[Saved entries]
lemma window_inversion_sum_eq:
  assumes "0 < p" "p < 1" and "length s \<le> N" "1 \<le> i"
  shows "window_inversion_sum p b c u N s i = (1 - p) ^ length (b # u @ [c]) * K_true p s (b # u @ [c]) i"
  using assms(3,4)
proof (induction s arbitrary: i)
  case Nil
  then show ?case by (simp add: window_inversion_sum_Nil K_true_Nil)
next
  case (Cons b' s)
  let ?x = "b # u @ [c]"
  have IH: "window_inversion_sum p b c u N s j = (1 - p) ^ length ?x * K_true p s ?x j" if "1 \<le> j" for j
    using Cons that by simp
  consider "i = Suc 0" | i' where "i = Suc (Suc i')"
    using Cons.prems(2) by (metis One_nat_def Suc_le_D not0_implies_Suc)
  then show ?case
  proof cases
    case 1
    have "take (length ?x) (b' # s) = ?x \<longleftrightarrow> b = b' \<and> take (Suc (length u)) s = u @ [c]"
      by auto
    then show ?thesis
      using assms Cons.prems
      by (simp add: 1 window_inversion_sum_Cons_1 IH prefix_inversion_sum_eq K_true_Cons_1 algebra_simps)
  next
    case 2
    then show ?thesis
      using assms by (simp add: window_inversion_sum_Cons_Suc IH K_true_Cons_Suc algebra_simps)
  qed
qed

section \<open>Unbiasedness of the single-trace estimator\<close>

lemma hd_inner_last_eq: "2 \<le> length y \<Longrightarrow> y = hd y # inner y @ [last y]"
  by (cases y) (auto simp: inner_def)

lemma finite_Yset: "finite (Yset l x)"
  by (rule finite_subset[OF _ finite_bit_strings[of l]]) (auto simp: Yset_def bit_strings_def)

lemma sum_Yset_binom_str':
  fixes g :: "bool list \<Rightarrow> real"
  assumes "2 \<le> l"
  shows "(\<Sum>y\<in>Yset l (b # u @ [c]). g y * real (binom_str' y (b # u @ [c]))) =
         (\<Sum>v\<in>bit_strings (l - 2). g (b # v @ [c]) * real (subseq_count v u))"
proof -
  let ?x = "b # u @ [c]" and ?frame = "\<lambda>v. b # v @ [c]"
  let ?A = "{v \<in> bit_strings (l - 2). subseq_count v u \<noteq> 0}"
  have inner_frame: "inner (?frame v) = v" for v by (simp add: inner_def)
  have binom: "binom_str' y ?x = subseq_count (inner y) u" for y
    by (simp add: binom_str'_def binom_str_eq_subseq_count inner_frame)
  have image: "{y \<in> Yset l ?x. subseq_count (inner y) u \<noteq> 0} = ?frame ` ?A"
  proof (rule set_eqI, rule iffI)
    fix y assume "y \<in> {y \<in> Yset l ?x. subseq_count (inner y) u \<noteq> 0}"
    then have y: "length y = l" "hd y = b" "last y = c" "subseq_count (inner y) u \<noteq> 0"
      by (auto simp: Yset_def)
    then have "y = ?frame (inner y)" using hd_inner_last_eq[of y] assms by simp
    moreover have "inner y \<in> ?A" using y by (simp add: bit_strings_def inner_def)
    ultimately show "y \<in> ?frame ` ?A" by blast
  next
    fix y assume "y \<in> ?frame ` ?A"
    then obtain v where v: "y = ?frame v" "length v = l - 2" "subseq_count v u \<noteq> 0"
      by (auto simp: bit_strings_def)
    then have "subseq (u @ [c]) (v @ [c])"
      by (intro list_emb_append_mono subseq_if_subseq_count_nonzero) auto
    then show "y \<in> {y \<in> Yset l ?x. subseq_count (inner y) u \<noteq> 0}"
      using v assms by (simp add: Yset_def inner_frame)
  qed
  have "(\<Sum>y\<in>Yset l ?x. g y * real (binom_str' y ?x)) =
        (\<Sum>y\<in>{y \<in> Yset l ?x. subseq_count (inner y) u \<noteq> 0}. g y * real (subseq_count (inner y) u))"
    unfolding binom by (rule sum.mono_neutral_right) (auto simp: finite_Yset)
  also have "\<dots> = (\<Sum>v\<in>?A. g (?frame v) * real (subseq_count v u))"
    unfolding image by (subst sum.reindex) (auto intro: inj_onI simp: inner_frame)
  also have "\<dots> = (\<Sum>v\<in>bit_strings (l - 2). g (?frame v) * real (subseq_count v u))"
    by (rule sum.mono_neutral_left) (auto simp: finite_bit_strings)
  finally show ?thesis .
qed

* _What the task requires_: The reply must repeat all of the records precisely.

* _Solution for this exercise_:
lemma window_inversion_sum_eq:
  assumes "0 < p" "p < 1" and "length s \<le> N" "1 \<le> i"
  shows "window_inversion_sum p b c u N s i = (1 - p) ^ length (b # u @ [c]) * K_true p s (b # u @ [c]) i"
  using assms(3,4)
proof (induction s arbitrary: i)
  case Nil
  then show ?case by (simp add: window_inversion_sum_Nil K_true_Nil)
next
  case (Cons b' s)
  let ?x = "b # u @ [c]"
  have IH: "window_inversion_sum p b c u N s j = (1 - p) ^ length ?x * K_true p s ?x j" if "1 \<le> j" for j
    using Cons that by simp
  consider "i = Suc 0" | i' where "i = Suc (Suc i')"
    using Cons.prems(2) by (metis One_nat_def Suc_le_D not0_implies_Suc)
  then show ?case
  proof cases
    case 1
    have "take (length ?x) (b' # s) = ?x \<longleftrightarrow> b = b' \<and> take (Suc (length u)) s = u @ [c]"
      by auto
    then show ?thesis
      using assms Cons.prems
      by (simp add: 1 window_inversion_sum_Cons_1 IH prefix_inversion_sum_eq K_true_Cons_1 algebra_simps)
  next
    case 2
    then show ?thesis
      using assms by (simp add: window_inversion_sum_Cons_Suc IH K_true_Cons_Suc algebra_simps)
  qed
qed

section \<open>Unbiasedness of the single-trace estimator\<close>

lemma hd_inner_last_eq: "2 \<le> length y \<Longrightarrow> y = hd y # inner y @ [last y]"
  by (cases y) (auto simp: inner_def)

lemma finite_Yset: "finite (Yset l x)"
  by (rule finite_subset[OF _ finite_bit_strings[of l]]) (auto simp: Yset_def bit_strings_def)

lemma sum_Yset_binom_str':
  fixes g :: "bool list \<Rightarrow> real"
  assumes "2 \<le> l"
  shows "(\<Sum>y\<in>Yset l (b # u @ [c]). g y * real (binom_str' y (b # u @ [c]))) =
         (\<Sum>v\<in>bit_strings (l - 2). g (b # v @ [c]) * real (subseq_count v u))"
proof -
  let ?x = "b # u @ [c]" and ?frame = "\<lambda>v. b # v @ [c]"
  let ?A = "{v \<in> bit_strings (l - 2). subseq_count v u \<noteq> 0}"
  have inner_frame: "inner (?frame v) = v" for v by (simp add: inner_def)
  have binom: "binom_str' y ?x = subseq_count (inner y) u" for y
    by (simp add: binom_str'_def binom_str_eq_subseq_count inner_frame)
  have image: "{y \<in> Yset l ?x. subseq_count (inner y) u \<noteq> 0} = ?frame ` ?A"
  proof (rule set_eqI, rule iffI)
    fix y assume "y \<in> {y \<in> Yset l ?x. subseq_count (inner y) u \<noteq> 0}"
    then have y: "length y = l" "hd y = b" "last y = c" "subseq_count (inner y) u \<noteq> 0"
      by (auto simp: Yset_def)
    then have "y = ?frame (inner y)" using hd_inner_last_eq[of y] assms by simp
    moreover have "inner y \<in> ?A" using y by (simp add: bit_strings_def inner_def)
    ultimately show "y \<in> ?frame ` ?A" by blast
  next
    fix y assume "y \<in> ?frame ` ?A"
    then obtain v where v: "y = ?frame v" "length v = l - 2" "subseq_count v u \<noteq> 0"
      by (auto simp: bit_strings_def)
    then have "subseq (u @ [c]) (v @ [c])"
      by (intro list_emb_append_mono subseq_if_subseq_count_nonzero) auto
    then show "y \<in> {y \<in> Yset l ?x. subseq_count (inner y) u \<noteq> 0}"
      using v assms by (simp add: Yset_def inner_frame)
  qed
  have "(\<Sum>y\<in>Yset l ?x. g y * real (binom_str' y ?x)) =
        (\<Sum>y\<in>{y \<in> Yset l ?x. subseq_count (inner y) u \<noteq> 0}. g y * real (subseq_count (inner y) u))"
    unfolding binom by (rule sum.mono_neutral_right) (auto simp: finite_Yset)
  also have "\<dots> = (\<Sum>v\<in>?A. g (?frame v) * real (subseq_count v u))"
    unfolding image by (subst sum.reindex) (auto intro: inj_onI simp: inner_frame)
  also have "\<dots> = (\<Sum>v\<in>bit_strings (l - 2). g (?frame v) * real (subseq_count v u))"
    by (rule sum.mono_neutral_left) (auto simp: finite_bit_strings)
  finally show ?thesis .
qed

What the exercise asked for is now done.